A caller is placing an order for several cartons of our “Extreme Buy” discounted copy paper and a desktop organizer. The paper has a disclaimer on it that no further discounts, including discount coupons, apply, and all discount coupons have a disclaimer on them that they exclude “Extreme Buy” copy paper. Neither of the disclaimers are in small print. Free gift coupons can still be used with the paper.

Me: “Your total is $159.”

Caller: “Oh, I have a coupon that I want to use.”

Me: “Okay, what is the coupon code?”

The caller gives me her coupon code.

Me: “This coupon is for a free [item] when you order $325 or more. Your total is $159. Did you want to add something to bring your total up?”

Caller: “No.”

Me: “Your order will not qualify for the coupon, then. Is there a different coupon you would like to use?”

Caller: “Hold on a moment.” *Pauses* “Use this one.” *Gives me another code*

This particular coupon is on our website’s coupon page, down at the bottom, set off from the general coupons with a bold heading that says, “Ink and Toner Coupons”.

Me: “That coupon is for a free [item] when you spend $150 on ink and toner.

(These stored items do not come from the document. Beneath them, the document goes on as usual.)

definition poset_comonoid ::
  "('a set \<Rightarrow> 'e set) \<Rightarrow> ('a set \<Rightarrow> 'e \<Rightarrow> 'e \<Rightarrow> bool) \<Rightarrow> (('a \<Rightarrow> 'a) \<Rightarrow> 'a set \<Rightarrow> 'e \<Rightarrow> 'e) \<Rightarrow> 'e
    \<Rightarrow> ('a set \<Rightarrow> 'a set \<Rightarrow> 'e \<Rightarrow> 'e \<times> 'e) \<Rightarrow> bool" where
  "poset_comonoid car le act one comult \<longleftrightarrow>
     poset_species car le act one \<and>
     \<comment> \<open>maps F[S u T] -> F[S] x F[T]\<close>
     (\<forall>S T. finite S \<and> finite T \<and> S \<inter> T = {} \<longrightarrow>
        (\<forall>x\<in>car (S \<union> T). fst (comult S T x) \<in> car S \<and> snd (comult S T x) \<in> car T)) \<and>
     \<comment> \<open>order preserving into the product order\<close>
     (\<forall>S T. finite S \<and> finite T \<and> S \<inter> T = {} \<longrightarrow>
        (\<forall>x\<in>car (S \<union> T). \<forall>x'\<in>car (S \<union> T). le (S \<union> T) x x' \<longrightarrow>
           le S (fst (comult S T x)) (fst (comult S T x')) \<and>
           le T (snd (comult S T x)) (snd (comult S T x')))) \<and>
     \<comment> \<open>naturality\<close>
     (\<forall>S T f. finite S \<and> finite T \<and> S \<inter> T = {} \<and> inj_on f (S \<union> T) \<longrightarrow>
        (\<forall>x\<in>car (S \<union> T).
           comult (f ` S) (f ` T) (act f (S \<union> T) x) =
             (act f S (fst (comult S T x)), act f T (snd (comult S T x))))) \<and>
     \<comment> \<open>coassociativity\<close>
     (\<forall>S T U. finite S \<and> finite T \<and> finite U \<and> S \<inter> T = {} \<and> S \<inter> U = {} \<and> T \<inter> U = {} \<longrightarrow>
        (\<forall>x\<in>car (S \<union> T \<union> U).
           comult S T (fst (comult (S \<union> T) U x)) =
             (fst (comult S (T \<union> U) x), fst (comult T U (snd (comult S (T \<union> U) x)))) \<and>
           snd (comult (S \<union> T) U x) = snd (comult T U (snd (comult S (T \<union> U) x))))) \<and>
     \<comment> \<open>counit\<close>
     (\<forall>I. finite I \<longrightarrow> (\<forall>x\<in>car I. comult I {} x = (x, one) \<and> comult {} I x = (one, x)))"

You don’t have any ink or toner on your order. Will you be adding some?”

Caller: “No.”

Me: “The order will not qualify for this coupon, either, then. Is there another coupon that you would like to try?”

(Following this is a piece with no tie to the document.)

(* Consider the iterates $\Theta_k=(\Omega_k,U_k,Q_k,W_k,\varepsilon^{(1)}_k,\varepsilon^{(2)}_k,Z^{(1)}_k,Z^{(2)}_k)$ produced by the linearized ADM iteration described in the context, with parameters $\lambda_1,\lambda_2,\rho_1,\rho_2,\delta_1,\delta_2,\mu>0$ and step parameters $\eta_U,\eta_Q,\eta_W>0$. Suppose that $\mu\geq\sqrt 2\max\{\rho_1,\rho_2\}$. Then there exist positive values $\eta^0_U,\eta^0_Q,\eta^0_W,R$, depending only on the initialization, such that whenever $\eta_U>\eta^0_U$, $\eta_Q>\eta^0_Q$, $\eta_W>\eta^0_W$, the sequence $\{\Theta_k\}_{k=1}^\infty$ converges (in the sense $\mathrm{dist}(\Theta_k,S)\to 0$) to the following set of bounded feasible stationary points of the Lagrangian: $$S=\Big\{\Theta=(\Omega,U,Q,W,\varepsilon^{(1)},\varepsilon^{(2)},Z^{(1)},Z^{(2)}) \;\Big|\; \|\Theta\|<R,\ -\nabla L_s(\Theta)\in\lambda_1\partial\|U\|_1,\ H=QU+\varepsilon^{(1)},\ Y=WQU+\varepsilon^{(2)}\Big\},$$ where $\|U\|_1$ is regarded as a convex function of $\Theta$ that is constant in all components other than $U$ (so the inclusion means $-\nabla_U L_s(\Theta)\in\lambda_1\partial\|U\|_1$ and all other partial gradients of $L_s$ vanish), and $\mathrm{dist}(\Theta,S)=\inf_{\Theta'\in S}\|\Theta'-\Theta\|$.
   Context: Data: $X\in\mathbb{R}^{m\times n}$, $H\in\mathbb{R}^{s\times n}$, $Y\in\mathbb{R}^{c\times n}$. Variables: $\Omega\in\mathbb{R}^{r\times m}$, $U\in\mathbb{R}^{r\times n}$, $Q\in\mathbb{R}^{s\times r}$, $W\in\mathbb{R}^{c\times s}$, $\varepsilon^{(1)},Z^{(1)}\in\mathbb{R}^{s\times n}$, $\varepsilon^{(2)},Z^{(2)}\in\mathbb{R}^{c\times n}$. Matrix norms $\|\cdot\|_F,\|\cdot\|_2$ are Frobenius norms, $\langle A,B\rangle=\mathrm{tr}(A^TB)$, $\|U\|_1=\sum_{ij}|U_{ij}|$. The Lagrangian is $L(\Omega,U,Q,W,\varepsilon^{(1)},\varepsilon^{(2)},Z^{(1)},Z^{(2)})=\frac12\|U-\Omega X\|_F^2+\lambda_1\|U\|_1+\frac{\rho_1}{2}\|\varepsilon^{(1)}\|^2+\frac{\rho_2}{2}\|\varepsilon^{(2)}\|^2+\langle Z^{(1)},H-QU-\varepsilon^{(1)}\rangle+\langle Z^{(2)},Y-WQU-\varepsilon^{(2)}\rangle+\frac{\mu}{2}\|H-QU-\varepsilon^{(1)}\|^2+\frac{\mu}{2}\|Y-WQU-\varepsilon^{(2)}\|^2+\frac{\delta_1}{2}\|Q\|^2+\frac{\delta_2}{2}\|W\|^2+\frac{\lambda_2}{2}\|\Omega\|^2$, and $L_s=L-\lambda_1\|U\|_1$ is its smooth part. Let $\tau_t$ denote entrywise soft thresholding, $\tau_t(x)=\mathrm{sign}(x)\max(|x|-t,0)$. Starting from an initialization $\Theta_0$, the iteration is, for $k=0,1,2,\dots$: $U_{k+1}=\tau_{\lambda_1/(\mu\eta_U)}\big(U_k-\frac{1}{\mu\eta_U}\nabla_U L_s(\Omega_k,U_k,Q_k,W_k,\varepsilon^{(1)}_k,\varepsilon^{(2)}_k,Z^{(1)}_k,Z^{(2)}_k)\big)$; $Q_{k+1}=Q_k-\frac{1}{\mu\eta_Q}\nabla_Q L(\Omega_k,U_{k+1},Q_k,W_k,\varepsilon^{(1)}_k,\varepsilon^{(2)}_k,Z^{(1)}_k,Z^{(2)}_k)$; $W_{k+1}=W_k-\frac{1}{\mu\eta_W}\nabla_W L(\Omega_k,U_{k+1},Q_{k+1},W_k,\varepsilon^{(1)}_k,\varepsilon^{(2)}_k,Z^{(1)}_k,Z^{(2)}_k)$; $\Omega_{k+1}=\arg\min_\Omega L(\Omega,U_{k+1},Q_{k+1},W_{k+1},\varepsilon^{(1)}_k,\varepsilon^{(2)}_k,Z^{(1)}_k,Z^{(2)}_k)$; $\varepsilon^{(1)}_{k+1}=\arg\min_{\varepsilon^{(1)}} L(\Omega_{k+1},U_{k+1},Q_{k+1},W_{k+1},\varepsilon^{(1)},\varepsilon^{(2)}_k,Z^{(1)}_k,Z^{(2)}_k)$; $\varepsilon^{(2)}_{k+1}=\arg\min_{\varepsilon^{(2)}} L(\Omega_{k+1},U_{k+1},Q_{k+1},W_{k+1},\varepsilon^{(1)}_{k+1},\varepsilon^{(2)},Z^{(1)}_k,Z^{(2)}_k)$; $Z^{(1)}_{k+1}=Z^{(1)}_k+\mu(H-Q_{k+1}U_{k+1}-\varepsilon^{(1)}_{k+1})$; $Z^{(2)}_{k+1}=Z^{(2)}_k+\mu(Y-W_{k+1}Q_{k+1}U_{k+1}-\varepsilon^{(2)}_{k+1})$. The norm $\|\Theta\|$ is any norm continuous with respect to the Frobenius norms of the components (e.g. their sum). *)

theory Defs
  imports "HOL-Analysis.Analysis"
begin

Caller: “Yes, use this one.” *Gives another code*

Me: “That coupon is for $15 off when you order $100, but it excludes the ‘Extreme Buy’ copy paper, along with some other categories, so it would only include the price of the desk organizer, which is $10.”

Remember that the exclusion is not in small type. It is actually in a larger type than the actual coupon code is.

Caller: “You know, it didn’t used to be so hard to use coupons! There aren’t any other coupons I can use!”

We have eight free-gift coupons that she would qualify for on our coupon page. I am pretty sure she is looking at that page, because that is the only place we advertise the second code that she gave me, although technically, she could have been looking at it previously and written it down.

Me: “I apologize. We do have several other coupons that this order would qualify for. You can choose one of the following free gifts.” *Lists the gifts* “Would you like to add one of these to your order?”

Caller: “No, just cancel it.”

Me: “Cancel the coupon or the whole order?”

Caller: “No, just the copy paper. I still need that organizer.”

Draco Meets Flipper

, , , , | Right | January 7, 2021

The movie “Dragonheart” has just been released, and I treat myself to a matinee showing. It turns out that I’m the only one in the theater, so I settle in for a nice, quiet day at the movies.

About halfway through, a family enters the theater and sits a few rows ahead of me. Around ten minutes pass. As we’re watching a very obvious dragon fly around and do dragon things, I hear this from who I presume is the mother.

Woman: “Wait… This isn’t Flipper!”

They got up and left, leaving me to laugh for a good five minutes.